Switching Savings Accounts

Published on 30 November 2016 by Raffick Marday

Switching Savings Accounts

Compare and shop around before switching your personal savings account

There is a significant proportion of consumers that believe it is too complex and risky to switch accounts, either due to switching rates are too low or uncompetitive alternatives. Banks have been concentrating on more visible fees, and not on the less visible elements such as insufficient funds charges and forgone interest. Insufficient funds charges, making it hard for consumers to control, or opt out of, an unarranged overdraft despite the fact that these make up the vast bulk of banks' revenues.
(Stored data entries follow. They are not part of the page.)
(* Let $(N,+,* )$ be a planar nearring presented by $(\Phi,R,M)$, and suppose some $d\in D(N)$ is nonzero and not a zero multiplier. Let $K$ be the set of zero multipliers of $N$ and $F=d*N$. Then: $F=d\Phi\cup\{0\}$ is a subnearring of $N$ which is a nearfield whose multiplicative group $F\setminus\{0\}$ is isomorphic to $\Phi$; $K$ is a normal subgroup of $(N,+)$ invariant under $\Phi$ (so $\Phi$ acts on $K$ as a group of fixed point free automorphisms); $(N,+)$ is the internal semidirect product $K\rtimes F$, i.e. every element of $N$ is uniquely $k+f$ with $k\in K$, $f\in F$; and for $k,k'\in K$, $f,f'\in F$, $$(k+f)*(k'+f')=\begin{cases}0 & f'=0,\\ k\phi_{f'}+f\phi_{f'} & f'\ne0,\end{cases}$$ where for nonzero $f'$, $\phi_{f'}\in\Phi$ is defined by $f'=r_{f'}\phi_{f'}$ with $r_{f'}\in R$. Moreover $K$ is an ideal of $N$.
   Context: A (right) nearring $(N,+,* )$ is a set with a group $(N,+)$, a semigroup $(N,* )$, and right distributivity $(a+b)*c=a*c+b*c$. $N$ is planar if the relation $a\cong b$ ($x*a=x*b$ for all $x$) has at least $3$ classes and for all $a,b,c$ with $a\not\cong b$ the equation $x*a=x*b+c$ has a unique solution. A nearfield is a nearring in which $(N\setminus\{0\},* )$ is a group. An ideal is a normal additive subgroup $I$ with $i*n\in I$ and $n*m-n*(m+i)\in I$ for all $i\in I$, $n,m\in N$. Every planar nearring arises as follows, and we always consider it so presented. $\Phi\le \mathrm{Aut}(N,+)$ acts on the right, is fixed point free, and $n\mapsto -n+n\phi$ is bijective for each $\phi\ne\mathrm{id}$. $R$ is a set of representatives of the $\Phi$-orbits of $N\setminus\{0\}$ and $M\subseteq R$. Each $a\ne0$ is uniquely $a=r_a\phi_a$, $r_a\in R$, $\phi_a\in\Phi$. Multiplication: $a*b=0$ if $b=0$ or $r_b\in M$, else $a*b=a\phi_b$ (and $0*b=0$). The zero multipliers are the elements of $M\Phi\cup\{0\}$, i.e. those $n$ with $x*n=0$ for all $x$. $D(N)=\{n: n*(a+b)=n*a+n*b\ \forall a,b\}$. *)

theory Defs
  imports Main
begin

text \<open>Automorphisms act on the right; we write the image of n under phi as phi n, so the
  product phi psi (first phi, then psi) is the function psi o phi.\<close>

definition additive_aut :: "('a::group_add \<Rightarrow> 'a) \<Rightarrow> bool" where
  "additive_aut \<phi> \<longleftrightarrow> bij \<phi> \<and> (\<forall>x y. \<phi> (x + y) = \<phi> x + \<phi> y)"

text \<open>Data (Phi, R, M) presenting a planar nearring (Ferrero pair + orbit representatives).\<close>
definition ferrero_data :: "('a::group_add \<Rightarrow> 'a) set \<Rightarrow> 'a set \<Rightarrow> 'a set \<Rightarrow> bool" where
  "ferrero_data \<Phi> R M \<longleftrightarrow>
     (\<forall>\<phi>\<in>\<Phi>. additive_aut \<phi>) \<and>
     id \<in> \<Phi> \<and> (\<forall>\<phi>\<in>\<Phi>. \<forall>\<psi>\<in>\<Phi>. \<psi> \<circ> \<phi> \<in> \<Phi>) \<and> (\<forall>\<phi>\<in>\<Phi>. inv \<phi> \<in> \<Phi>) \<and>
     (\<forall>\<phi>\<in>\<Phi>. \<phi> \<noteq> id \<longrightarrow> (\<forall>n. \<phi> n = n \<longrightarrow> n = 0)) \<and>
     (\<forall>\<phi>\<in>\<Phi>. \<phi> \<noteq> id \<longrightarrow> bij (\<lambda>n. - n + \<phi> n)) \<and>
     0 \<notin> R \<and> (\<forall>a. a \<noteq> 0 \<longrightarrow> (\<exists>!r. r \<in> R \<and> (\<exists>\<phi>\<in>\<Phi>. a = \<phi> r))) \<and>
     M \<subseteq> R"

definition rep_of :: "('a::group_add \<Rightarrow> 'a) set \<Rightarrow> 'a set \<Rightarrow> 'a \<Rightarrow> 'a" where
  "rep_of \<Phi> R a = (THE r. r \<in> R \<and> (\<exists>\<phi>\<in>\<Phi>. a = \<phi> r))"

definition phi_of :: "('a::group_add \<Rightarrow> 'a) set \<Rightarrow> 'a set \<Rightarrow> 'a \<Rightarrow> ('a \<Rightarrow> 'a)" where
  "phi_of \<Phi> R a = (THE \<phi>. \<phi> \<in> \<Phi> \<and> (\<exists>r\<in>R. a = \<phi> r))"

definition ferrero_mult :: "('a::group_add \<Rightarrow> 'a) set \<Rightarrow> 'a set \<Rightarrow> 'a set \<Rightarrow> 'a \<Rightarrow> 'a \<Rightarrow> 'a" where
  "ferrero_mult \<Phi> R M a b =
     (if b = 0 \<or> rep_of \<Phi> R b \<in> M then 0 else phi_of \<Phi> R b a)"
lemma beta_plus_D_nonzero: "\<beta> + D \<noteq> 0"
proof -
  have "0 < Re (\<beta> + D)"
    using kappa_pos Re_psqrt_nonneg by (simp add: Re_beta heston_D_def add_pos_nonneg)
  then have "Re (\<beta> + D) \<noteq> Re 0" by simp
  then show ?thesis by metis
qed

text \<open>B = P/R for the solution (R, P) of the linearised Riccati system
  R' = \<beta>/2 R - \<eta>^2/2 P, P' = - w/2 R - \<beta>/2 P, R(0) = 1, P(0) = 0.\<close>
definition Rf :: "complex \<Rightarrow> complex" where
  "Rf u = ((\<beta> + D) * exp (D*u/2) - (\<beta> - D) * exp (-(D*u/2))) / (2*D)"
definition Pf :: "complex \<Rightarrow> complex" where
  "Pf u = - w * (exp (D*u/2) - exp (-(D*u/2))) / (2*D)"

lemma Rf_deriv: "(Rf has_field_derivative \<beta>/2 * Rf u - of_real (\<eta>^2/2) * Pf u) (at u)"
proof -
  have "(Rf has_field_derivative ((\<beta> + D) * exp (D*u/2) + (\<beta> - D) * exp (-(D*u/2))) / 4) (at u)"
    unfolding Rf_def[abs_def] using D_nonzero
    by (auto intro!: derivative_eq_intros simp: field_simps)
  then show ?thesis
    by (rule DERIV_cong)
       (use D_nonzero eta_pos in \<open>simp add: Rf_def Pf_def w_eq field_simps power2_eq_square\<close>)
qed
lemma local_factor_at_prime_divisor:
  assumes "prime p" "p dvd d"
  shows "local_weight 1 1 p * (artin_factor p * euler_factor d 1 p) = 1 / (1 - 1 / real p)"
proof -
  define P where "P = real p"
  have P: "P \<ge> 2"
    using prime_real_ge_2[OF assms(1)] by (simp add: P_def)
  then have "P\<^sup>2 - 1 > 0" "P\<^sup>2 - P - 1 > 0"
    by (rule square_bounds_of_ge_2)+
  then have nonzero: "P\<^sup>2 - 1 \<noteq> 0" "P\<^sup>2 - P - 1 \<noteq> 0" "P * (P - 1) \<noteq> 0"
    using P by (linarith, linarith, simp)
  have cancel: "u / v * (v / w * (z / u)) = z / w" if "u \<noteq> 0" "v \<noteq> 0" "w \<noteq> 0"
    for u v w z :: real
    using that by (simp add: field_simps)
  have artin: "1 - 1 / (P * (P - 1)) = (P\<^sup>2 - P - 1) / (P * (P - 1))"
    using nonzero(3) by (simp add: power2_eq_square field_simps)
  have euler: "1 + 1 / (P\<^sup>2 - 1) = P\<^sup>2 / (P\<^sup>2 - 1)"
    using nonzero(1) by (simp add: field_simps)
  have "(P\<^sup>2 - 1) / (P\<^sup>2 - P - 1) * ((1 - 1 / (P * (P - 1))) * (1 + 1 / (P\<^sup>2 - 1)))
      = P\<^sup>2 / (P * (P - 1))"
    unfolding artin euler using nonzero by (rule cancel)
  also have "\<dots> = 1 / (1 - 1 / P)"
    using P by (simp add: power2_eq_square field_simps)
  finally show ?thesis
    using assms by (simp add: artin_factor_def euler_factor_def local_weight_def P_def)
qed

lemma rho_0_closed_form:
  assumes "d > 0"
  shows "rho 0 d = 1 / (real d * real (totient d))"
proof -
  have "rfun d * euler_correction d 1 =
      (\<Prod>p\<in>prime_factors d. local_weight 1 1 p * (artin_factor p * euler_factor d 1 p)) / real d ^ 2"
    by (simp add: rfun_eq_r_twisted r_twisted_def euler_correction_def prod.distrib)
  also have "\<dots> = (\<Prod>p\<in>prime_factors d. 1 / (1 - 1 / real p)) / real d ^ 2"
    by (intro arg_cong2[where f = "(/)"] prod.cong refl local_factor_at_prime_divisor) auto
  also have "\<dots> = 1 / (real d * real (totient d))"
    by (simp add: totient_formula2 prod_dividef power2_eq_square)
  finally show ?thesis
    using rho_0_eq_euler_correction[OF assms] by simp
qed
text \<open>With \<open>g(c) = (k(c) - r)/c\<close> and \<open>h(c) = c k'(c) - (k(c) - r)\<close> one has \<open>g' = h/c\<^sup>2\<close> and
  \<open>h' = c k''\<close>. The sign pattern of \<open>k''\<close> makes \<open>h\<close> strictly quasiconcave on \<open>(0,\<infinity>)\<close>; as
  \<open>h > 0\<close> on \<open>(0, zMIC]\<close> and \<open>g \<rightarrow> 0\<close>, \<open>h\<close> has exactly one zero \<open>c_opt > zMIC\<close> and is positive
  before it. So \<open>g\<close> increases on \<open>[zMIC, c_opt]\<close> from \<open>0\<close> to \<open>(k(c_opt) - r)/c_opt\<close>, whence
  \<open>0 < \<rho> \<le> (c_opt - zMIC)(k(c_opt) - r)/c_opt\<close>; the claimed identities are algebra, and the
  bounds are exactly these two estimates on \<open>\<rho>\<close>.\<close>

text \<open>The sign pattern of \<open>k''\<close> in (A3); \<open>ci = 0\<close> is the concave case.\<close>

definition pos_then_neg :: "(real \<Rightarrow> real) \<Rightarrow> bool" where
  "pos_then_neg f \<longleftrightarrow>
     (\<exists>ci\<ge>0. (\<forall>x. 0 < x \<and> x < ci \<longrightarrow> f x > 0) \<and> (\<forall>x>ci. f x < 0))"

lemma pos_then_neg_mult_pos:
  assumes "pos_then_neg f" and "\<And>x. x > 0 \<Longrightarrow> w x > 0"
  shows "pos_then_neg (\<lambda>x. w x * f x)"
proof -
  obtain ci where "ci \<ge> 0" "\<And>x. 0 < x \<Longrightarrow> x < ci \<Longrightarrow> f x > 0" "\<And>x. x > ci \<Longrightarrow> f x < 0"
    using assms(1) unfolding pos_then_neg_def by blast
  with assms(2) show ?thesis
    unfolding pos_then_neg_def by (intro exI[of _ ci]) (auto intro: mult_pos_neg)
qed

lemma quasiconcave_if_deriv_pos_then_neg:
  fixes F f :: "real \<Rightarrow> real"
  assumes f: "pos_then_neg f"
    and F: "\<And>x. x > 0 \<Longrightarrow> (F has_real_derivative f x) (at x)"
    and x: "0 < x" "x < a" and b: "a < b"
  shows "min (F x) (F b) < F a"
proof -
  obtain ci where ci: "ci \<ge> 0" "\<And>x. 0 < x \<Longrightarrow> x < ci \<Longrightarrow> f x > 0" "\<And>x. x > ci \<Longrightarrow> f x < 0"
    using f unfolding pos_then_neg_def by blast
  show ?thesis
  proof (cases "a \<le> ci")
    case True
    have cont: "continuous_on {x..a} F"
      using x by (intro continuous_at_imp_continuous_on ballI DERIV_isCont[OF F]) auto
    have "F x < F a"
    proof (rule DERIV_pos_imp_increasing_open[OF x(2) _ cont])
      fix y assume "x < y" "y < a"
      with x True show "\<exists>d. (F has_real_derivative d) (at y) \<and> d > 0"
        using F[of y] ci(2)[of y] by auto
    qed
    then show ?thesis by linarith
  next
    case False
    have "F b < F a"
    proof (rule DERIV_neg_imp_decreasing[OF b])
      fix y assume "a \<le> y" "y \<le> b"
      with False ci(1) show "\<exists>d. (F has_real_derivative d) (at y) \<and> d < 0"
        using F[of y] ci(3)[of y] by auto
    qed
    then show ?thesis by linarith
  qed
qed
Check before you Switch Saving Accounts?

• Know how much you will effectively pay in fees
• Know what individual elements you are going to be charged for before or after they are incurred.
• Incentive for keeping your account in credit and Interest given
• Any charges and fees for insufficient funds and interest charged.
• Could you earn more interest from your current account or paying it in to a savings account or high interest account?
• Any charges for switching between suppliers, including early withdrawal and administrative charges.
• Timescale and down time when switching accounts,
• Incentives for switching savings accounts.
• Incentives and offers for keeping your savings accounts.
Additional Services

Banks see personal accounts as a gateway to selling other products. Personal accounts are used regularly by 90 per cent of consumers so naturally consumers often select additional financial products from a bank with whom they have an existing account with without the need to shopping around as it is an easy option and in most cases they think they are getting the best deal.

There is a downside for consumers taking up more than one service from their existing bank, Banks do prey on the more vulnerable consumers or will always offer you additional services such as credit cards or loans and are more than happy to supply you these if you have a good credit rating or have banked with them for a long period of time but if your circumstances change and your cash flow is altered that's when banks can be your enemy further more if you have all your eggs in one basket it can easy put you in the situation where charges start to build up.

Getting the Most of your Money

88 per cent of current accounts, which is around 47.6 million, receive an annual interest rate of less than 0.5 per cent. Banks earned over 85 per cent of their revenues on personal current accounts mainly from two sources, which are net interest income from credit and debit balances at around £4.6 billion and growing every year and levying charges associated with insufficient funds, which is over £2.6 billion.

This is due the fact that the most common bank account in the UK is the free-if-in-credit bank account. This type of account has a cost for consumers, which is not always apparent in the form of interest forgone. This is the interest that consumers could earning by holding their credit balances in a savings account or higher interest account rather than leaving them in a current account that generally pays no, or only minimal, interest on credit balances.

So how much are you losing well it's approximately £8.3 billion. Personal current accounts generate more revenue for banks than savings and credit cards combined: 31 per cent compared with 17 per cent on savings accounts and 13 per cent on credit cards.